*What you have to do*:
Your task is to work out how many lines in the data include the word "assume". Reply with the number alone.

╭─ Given entries

lemma prob_space_barP: "k \<in> K \<Longrightarrow> prob_space (barP K Psi P k)"
proof
  assume k: "k \<in> K"
  have "(\<integral>\<^sup>+k'. ennreal (flow k k' / weight k) \<partial>count_space K) = (\<integral>\<^sup>+k'. ennreal (flow k k') * ennreal (1 / weight k) \<partial>count_space K)"
    using weight_pos[OF k] flow_nonneg by (intro nn_integral_cong) (simp add: ennreal_mult[symmetric])
  also have "\<dots> = (\<integral>\<^sup>+k'. ennreal (flow k k') \<partial>count_space K) * ennreal (1 / weight k)"
    by (rule nn_integral_multc) simp
  also have "\<dots> = 1" using nn_integral_flow_row[OF k] weight_pos[OF k] by (simp add: ennreal_mult[symmetric])
  finally show "emeasure (barP K Psi P k) (space (barP K Psi P k)) = 1"
    using k by (simp add: barP_eq emeasure_density_count_space)
qed

lemma sets_barP: "k \<in> K \<Longrightarrow> sets (barP K Psi P k) = Pow K" by (simp add: barP_eq)

lemma invariant_barP: "invariant_kernel (barPi K Psi) (barP K Psi P)"
proof (intro invariant_kernel.intro)
  show "prob_space (barPi K Psi)" by (rule prob_space_barPi)
  show bm: "barP K Psi P \<in> barPi K Psi \<rightarrow>\<^sub>M prob_algebra (barPi K Psi)"
    unfolding measurable_cong_sets[OF sets_barPi[unfolded sets_count_space[of K, symmetric]] refl]
  proof (rule measurable_count_space_eq1[THEN iffD2], rule Pi_I)
    fix k assume k: "k \<in> K"
    show "barP K Psi P k \<in> space (prob_algebra (barPi K Psi))"
      using prob_space_barP[OF k] sets_barP[OF k] by (simp add: space_prob_algebra)
  qed
  show "barPi K Psi \<bind> barP K Psi P = barPi K Psi"
  proof (rule measure_eqI_countable[OF _ _ K(1)])
    show "sets (barPi K Psi \<bind> barP K Psi P) = Pow K"
      using K(2) by (subst sets_bind[where N="count_space K"]) (auto simp: sets_barP)
    show "sets (barPi K Psi) = Pow K" by simp
    fix k' assume k': "k' \<in> K"
    have "emeasure (barPi K Psi \<bind> barP K Psi P) {k'} = (\<integral>\<^sup>+k. emeasure (barP K Psi P k) {k'} \<partial>barPi K Psi)"
      using K(2) k' measurable_prob_algebraD[OF bm] by (intro emeasure_bind) (auto simp: sets_barP)
    also have "\<dots> = (\<integral>\<^sup>+k. ennreal (weight k) * ennreal (flow k k' / weight k) \<partial>count_space K)"
      unfolding barPi_eq
      by (subst nn_integral_density) (auto intro!: nn_integral_cong simp: barP_eq emeasure_density_count_space_singleton k')
    also have "\<dots> = (\<integral>\<^sup>+k. ennreal (flow k' k) \<partial>count_space K)"
    proof (intro nn_integral_cong)
      fix k assume "k \<in> space (count_space K)"
      then have k: "k \<in> K" by simp
      have "ennreal (weight k) * ennreal (flow k k' / weight k) = ennreal (weight k * (flow k k' / weight k))"
        using weight_pos[OF k] flow_nonneg[of k k'] by (intro ennreal_mult[symmetric]) auto
      also have "weight k * (flow k k' / weight k) = flow k' k" using weight_pos[OF k] by (simp add: flow_sym)
      finally show "ennreal (weight k) * ennreal (flow k k' / weight k) = ennreal (flow k' k)" .
    qed
    also have "\<dots> = ennreal (weight k')" by (rule nn_integral_flow_row[OF k'])
    also have "\<dots> = emeasure (barPi K Psi) {k'}"
      using k' by (simp add: barPi_eq emeasure_density_count_space_singleton)
    finally show "emeasure (barPi K Psi \<bind> barP K Psi P) {k'} = emeasure (barPi K Psi) {k'}" .
  qed
qed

╰─

*Solution to this task*:
4